= Outside–in software development =

Of all the agile software development methodologies, outside–in software development takes a different approach to optimizing the software development process. Unlike other approaches, outside–in development focuses on satisfying the needs of stakeholders. The underlying theory is that to create successful software, the team must have a clear understanding of the goals and motivations of the stakeholders. The ultimate goal is to produce software that is highly consumable and meets or exceeds the needs of the intended client.

Outside–in software development is meant to primarily supplement existing software development methodologies.
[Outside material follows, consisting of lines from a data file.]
(* Let $\nu=w\mu$ with $w$ a probability density w.r.t. $\mu$, and let $(x_1,\dots,x_n)\sim\nu^{\otimes n}$. Let $0<\delta<1$, $S_\delta=\{\lambda_{\min}(\mathbf G^w)\ge1-\delta\}$, and assume $\mathbb P(S_\delta)>0$ and $K_{w,m}:=\sup_{x\in\mathcal X}w(x)^{-1}\|\boldsymbol\varphi(x)\|_2^2<\infty$. Then for every $f\in L^2_\mu$, $$\mathbb E(\|\hat P_{V_m}f\|^2\mid S_\delta)\le\mathbb P(S_\delta)^{-1}(1-\delta)^{-1}\|f\|^2,$$ and $$\mathbb E(\|\hat P_{V_m}f\|^2\mid S_\delta)\le\mathbb P(S_\delta)^{-1}(1-\delta)^{-2}\Big(\|P_{V_m}f\|^2+\frac{K_{w,m}}{n}\|f\|^2\Big).$$
   Context: $\mathcal X$ is a Polish space with Borel probability measure $\mu$; $\|\cdot\|$ is the $L^2_\mu(\mathcal X)$ norm. $V_m\subset L^2_\mu$ is an $m$-dimensional subspace with $L^2_\mu$-orthonormal basis $\varphi_1,\dots,\varphi_m$, $\boldsymbol\varphi(x)=(\varphi_1(x),\dots,\varphi_m(x))^T$, $P_{V_m}$ the $L^2_\mu$-orthogonal projection onto $V_m$. With weight $w$ and points $x_i$: $\|f\|_n^2=\frac1n\sum_iw(x_i)^{-1}f(x_i)^2$, $\mathbf G^w=\frac1n\sum_iw(x_i)^{-1}\boldsymbol\varphi(x_i)\boldsymbol\varphi(x_i)^T$, and $\hat P_{V_m}f$ (defined when $\mathbf G^w$ is invertible) is the unique minimizer over $g\in V_m$ of $\|f-g\|_n$. *)

theory Defs
  imports "HOL-Probability.Probability"
begin

text \<open>Basis functions are indexed by a finite type 'm (so m = CARD('m)).
  Sample vectors are functions nat => 'a, the i-th sample point being x i, i < n.\<close>

definition L2norm_sq :: "'a measure \<Rightarrow> ('a \<Rightarrow> real) \<Rightarrow> real" where
  "L2norm_sq \<mu> g = (\<integral>y. (g y)\<^sup>2 \<partial>\<mu>)"

definition Vfun :: "('m::finite \<Rightarrow> 'a \<Rightarrow> real) \<Rightarrow> real^'m \<Rightarrow> 'a \<Rightarrow> real" where
  "Vfun \<phi> c = (\<lambda>y. \<Sum>j\<in>UNIV. c $ j * \<phi> j y)"

definition Pproj :: "'a measure \<Rightarrow> ('m::finite \<Rightarrow> 'a \<Rightarrow> real) \<Rightarrow> ('a \<Rightarrow> real) \<Rightarrow> 'a \<Rightarrow> real" where
  "Pproj \<mu> \<phi> f = Vfun \<phi> (\<chi> j. \<integral>y. f y * \<phi> j y \<partial>\<mu>)"

definition emp_norm_sq :: "nat \<Rightarrow> ('a \<Rightarrow> real) \<Rightarrow> (nat \<Rightarrow> 'a) \<Rightarrow> ('a \<Rightarrow> real) \<Rightarrow> real" where
  "emp_norm_sq n w x g = (1 / real n) * (\<Sum>i<n. inverse (w (x i)) * (g (x i))\<^sup>2)"

definition Gw :: "nat \<Rightarrow> ('a \<Rightarrow> real) \<Rightarrow> ('m::finite \<Rightarrow> 'a \<Rightarrow> real) \<Rightarrow> (nat \<Rightarrow> 'a) \<Rightarrow> real^'m^'m" where
  "Gw n w \<phi> x = (\<chi> j k. (1 / real n) * (\<Sum>i<n. inverse (w (x i)) * \<phi> j (x i) * \<phi> k (x i)))"

definition lambda_min :: "real^'m::finite^'m \<Rightarrow> real" where
  "lambda_min G = Inf {l. \<exists>v. v \<noteq> 0 \<and> G *v v = l *\<^sub>R v}"

text \<open>Weighted least-squares projection: the unique minimizer over V_m of ||f - g||_n
  (meaningful when G^w is invertible, where the minimizer is unique).\<close>
definition hatP :: "nat \<Rightarrow> ('a \<Rightarrow> real) \<Rightarrow> ('m::finite \<Rightarrow> 'a \<Rightarrow> real) \<Rightarrow> (nat \<Rightarrow> 'a)
    \<Rightarrow> ('a \<Rightarrow> real) \<Rightarrow> 'a \<Rightarrow> real" where
  "hatP n w \<phi> x f = Vfun \<phi> (THE c. \<forall>d. emp_norm_sq n w x (\<lambda>y. f y - Vfun \<phi> c y)
                                      \<le> emp_norm_sq n w x (\<lambda>y. f y - Vfun \<phi> d y))"

text \<open>K_{w,m} = sup_x w(x)^{-1} ||phi(x)||_2^2, in ennreal (a/0 = top for a > 0).\<close>
definition Kwm :: "('a \<Rightarrow> real) \<Rightarrow> ('m::finite \<Rightarrow> 'a \<Rightarrow> real) \<Rightarrow> ennreal" where
  "Kwm w \<phi> = (SUP y. ennreal ((norm (\<chi> j. \<phi> j y))\<^sup>2) / ennreal (w y))"

definition S_delta :: "nat \<Rightarrow> ('a \<Rightarrow> real) \<Rightarrow> ('m::finite \<Rightarrow> 'a \<Rightarrow> real) \<Rightarrow> real
    \<Rightarrow> (nat \<Rightarrow> 'a) measure \<Rightarrow> (nat \<Rightarrow> 'a) set" where
  "S_delta n w \<phi> \<delta> P = {x \<in> space P. lambda_min (Gw n w \<phi> x) \<ge> 1 - \<delta>}"

definition cond_exp_event :: "'b measure \<Rightarrow> ('b \<Rightarrow> real) \<Rightarrow> 'b set \<Rightarrow> ennreal" where
  "cond_exp_event P Y S = (\<integral>\<^sup>+ \<omega>. ennreal (Y \<omega>) * indicator S \<omega> \<partial>P) / emeasure P S"

end

theory Submission
  imports Defs
begin
lemma subdegree_fps_X_times_fps_exp: "subdegree (fps_X * fps_exp (x::complex)) = 1"
proof -
  have "fps_nth (fps_exp x) 0 \<noteq> 0"
    by simp
  then have "fps_exp x \<noteq> 0"
    by auto
  moreover have "subdegree (fps_exp x) = 0"
    by (rule subdegreeI) auto
  ultimately show ?thesis by simp
qed

lemma bernpoly_fps_add: "bernpoly_fps (x + y) = bernpoly_fps x * fps_exp y"
  unfolding bernpoly_fps_def fps_exp_add_mult mult.assoc[symmetric]
  by (rule fps_divide_times2) (unfold subdegree_fps_exp_minus_one subdegree_fps_X_times_fps_exp, simp)

lemma bernpoly_fps_add_one: "bernpoly_fps (x + 1) - bernpoly_fps x = fps_X * fps_exp x"
proof -
  have "fps_exp (1::complex) - 1 \<noteq> 0"
    using subdegree_fps_exp_minus_one by auto
  then have "bernpoly_fps x * (fps_exp 1 - 1) = fps_X * fps_exp x"
    unfolding bernpoly_fps_def
    by (intro fps_times_divide_eq) (unfold subdegree_fps_exp_minus_one subdegree_fps_X_times_fps_exp, simp_all)
  then show ?thesis
    unfolding bernpoly_fps_add[of x 1] by (simp add: algebra_simps)
qed

lemma appell_seq_bernpoly: "appell_seq bernpoly"
  unfolding appell_seq_def
proof (intro allI)
  fix n x y
  have "bernpoly n (x + y) = fact n * (\<Sum>i=0..n. y ^ i / fact i * fps_nth (bernpoly_fps x) (n - i))"
    unfolding bernpoly_eq_fps_nth bernpoly_fps_add mult.commute[of "bernpoly_fps x"] fps_mult_nth by simp
  also have "\<dots> = (\<Sum>i\<le>n. of_nat (n choose i) * bernpoly (n - i) x * y ^ i)"
    unfolding sum_distrib_left atLeast0AtMost bernpoly_eq_fps_nth
    by (intro sum.cong refl) (simp add: binomial_fact field_simps)
  finally show "bernpoly n (x + y) = (\<Sum>i\<le>n. of_nat (n choose i) * bernpoly (n - i) x * y ^ i)" .
qed

lemma bernpoly_add_one: "bernpoly n (x + 1) - bernpoly n x = of_nat n * x ^ (n - 1)"
proof -
  have "bernpoly n (x + 1) - bernpoly n x = fact n * fps_nth (fps_X * fps_exp x) n"
    unfolding bernpoly_eq_fps_nth right_diff_distrib[symmetric] fps_sub_nth[symmetric] bernpoly_fps_add_one ..
  also have "\<dots> = of_nat n * x ^ (n - 1)"
  proof (cases n)
    case (Suc m)
    have "fact (Suc m) * (x ^ m / fact m) = (of_nat (Suc m) :: complex) * x ^ m"
      by (simp add: fact_Suc del: of_nat_Suc)
    then show ?thesis using Suc by simp
  qed simp
  finally show ?thesis .
qed

lemma bernpoly_of_nat_minus_bernoulli_num:
  "bernpoly m (of_nat r) - bernoulli_num m = (\<Sum>t<r. of_nat m * of_nat t ^ (m - 1))"
proof -
  have "bernpoly m (of_nat r) - bernoulli_num m = (\<Sum>t<r. bernpoly m (of_nat (Suc t)) - bernpoly m (of_nat t))"
    using sum_lessThan_telescope[of "\<lambda>t. bernpoly m (of_nat t)" r] by (simp add: bernoulli_num_def)
  also have "\<dots> = (\<Sum>t<r. of_nat m * of_nat t ^ (m - 1))"
    by (intro sum.cong refl) (metis bernpoly_add_one of_nat_Suc add.commute)
  finally show ?thesis .
qed
lemma klein_cocycle_eq_alpha:
  assumes closed: "\<And>A. \<beta> A \<in> carrier G" and one: "\<beta> K1 = \<one>"
    and twisted: "\<And>A B. B \<noteq> K1 \<Longrightarrow> \<beta> (klein_mult A B) = inv (\<beta> A) \<otimes> \<beta> B"
  shows "\<beta> Ka \<in> two_torsion G" "\<beta> Kb \<in> two_torsion G" "\<beta> = alpha G (\<beta> Ka) (\<beta> Kb)"
proof -
  let ?a = "\<beta> Ka" and ?b = "\<beta> Kb"
  have a: "?a \<in> carrier G" and b: "?b \<in> carrier G"
    by (rule closed)+
  have c: "\<beta> Kc = inv ?a \<otimes> ?b"
    using twisted[where A = Ka and B = Kb] by simp
  have "?a = inv ?b \<otimes> \<beta> Kc"
    using twisted[where A = Kb and B = Kc] by simp
  also have "\<dots> = inv ?a"
    unfolding c using a b by (simp add: m_lcomm[of "inv ?b" "inv ?a" ?b])
  finally have inv_a: "inv ?a = ?a" ..
  have "inv ?b \<otimes> ?a = \<beta> Kc"
    using twisted[where A = Kb and B = Ka] by simp
  also have "\<dots> = ?b \<otimes> ?a"
    unfolding c inv_a using a b by (rule m_comm)
  finally have inv_b: "inv ?b = ?b"
    using a b by simp
  show "?a \<in> two_torsion G" "?b \<in> two_torsion G"
    using a b inv_a inv_b r_inv[OF a] r_inv[OF b] by (auto simp: two_torsion_def)
  show "\<beta> = alpha G ?a ?b"
  proof
    fix A show "\<beta> A = alpha G ?a ?b A"
      using one c inv_a by (cases A) simp_all
  qed
qed

end

section \<open>Automorphisms of \<open>L\<^sub>M\<close>\<close>

definition klein_part :: "('a, 'b) monoid_scheme \<Rightarrow> (klein \<times> 'a \<Rightarrow> klein \<times> 'a) \<Rightarrow> klein \<Rightarrow> klein"
  where "klein_part G \<phi> = (\<lambda>A. fst (\<phi> (A, \<one>\<^bsub>G\<^esub>)))"

definition group_part :: "('a, 'b) monoid_scheme \<Rightarrow> (klein \<times> 'a \<Rightarrow> klein \<times> 'a) \<Rightarrow> 'a \<Rightarrow> 'a"
  where "group_part G \<phi> = (\<lambda>x \<in> carrier G. snd (\<phi> (K1, x)))"
lemma shifted_power_le:
  assumes "3 \<le> d" "1 \<le> x"
  shows "real d ^ d / fact d * (x - 1 / 2 * (1 - 3 / real d)) ^ d \<le> real d ^ d / fact d * x ^ d"
proof -
  define c where "c = 1 - 3 / real d"
  have "0 \<le> c" "c \<le> 1"
    using assms by (simp_all add: c_def field_simps)
  then have "0 \<le> 1 / 2 * c" "1 / 2 * c \<le> x"
    using assms by linarith+
  then show ?thesis
    unfolding c_def by (intro mult_left_mono power_mono) auto
qed

theorem mainTheorem3:
  fixes d :: nat and \<epsilon> :: real
  assumes "1 \<le> d" and "0 < \<epsilon>" and "\<epsilon> \<le> 1"
  shows "theight d \<epsilon> =
           (LEAST r. tQgen d \<epsilon> (replicate r 1) \<and>
                     weight d (fst (tnode d \<epsilon> (replicate r 1))) \<le> \<epsilon>)
       \<and> real (theight d \<epsilon>) \<le> of_int \<lceil>real d * (1 / \<epsilon> - 1)\<rceil>
       \<and> finite (tleaves d \<epsilon>)
       \<and> (d = 2 \<longrightarrow> real (card (tleaves d \<epsilon>)) \<le> 2 * (1 / \<epsilon> + 1 / 2) * (1 / \<epsilon>))
       \<and> (3 \<le> d \<longrightarrow> real (card (tleaves d \<epsilon>))
              \<le> real d ^ d / fact d * (1 / \<epsilon> - 1 / 2 * (1 - 3 / real d)) ^ d
            \<and> real d ^ d / fact d * (1 / \<epsilon> - 1 / 2 * (1 - 3 / real d)) ^ d
              \<le> real d ^ d / fact d * (1 / \<epsilon>) ^ d)"
proof -
  let ?h = "chain_height d \<epsilon>" and ?x = "1 / \<epsilon>"
  have height: "real ?h \<le> of_int \<lceil>real d * (?x - 1)\<rceil>"
    by (rule real_chain_height_le_ceiling[OF assms])
  then have height_lt: "real ?h < real d * (?x - 1) + 1"
    using ceiling_correct[of "real d * (?x - 1)"] by linarith
  obtain finite: "finite (tleaves d \<epsilon>)"
    and card: "real (card (tleaves d \<epsilon>)) \<le> real ((?h + d) choose d)"
    using card_tleaves_le_binomial[OF assms] by simp
  have "d = 2 \<longrightarrow> real (card (tleaves d \<epsilon>)) \<le> 2 * (?x + 1 / 2) * ?x"
    using card binomial_2_le[of ?h ?x] height_lt by auto
  moreover have "1 \<le> ?x"
    using assms by simp
  ultimately show ?thesis
    using theight_eq_chain_height[OF assms] Least_replicate_1_eq_chain_height[OF assms] height finite
      card binomial_le_power[OF assms(1) height_lt] shifted_power_le
    by (simp del: One_nat_def)
qed

end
While it is suited for agile software development, it is possible to fit outside-in development into waterfall-based methodologies.
== The four stakeholder groups ==

What sets outside-in software development apart from other stakeholder-based approaches is the categorization of the four types of stakeholders. While the following four groups are unique however there can be and is usually a lot of interaction between them:

- Principals: The people who buy your software. This is the most important stakeholder group to appease.
- End users: The people who interact with your product. They experience how your software works in the real world.
- Partners: The people who make your product work in real life, such as operations teams and also business partners and system integrators.
- Insiders: The people within your company that have some impact on how your team develops software.

It is crucial to speak with all stakeholders, even if they are not the primary audience of your software.

== Implementing outside–in software development ==

The outside–in approach does not require your entire development methodology to change. Outside–in development can supplement the existing tools of developers.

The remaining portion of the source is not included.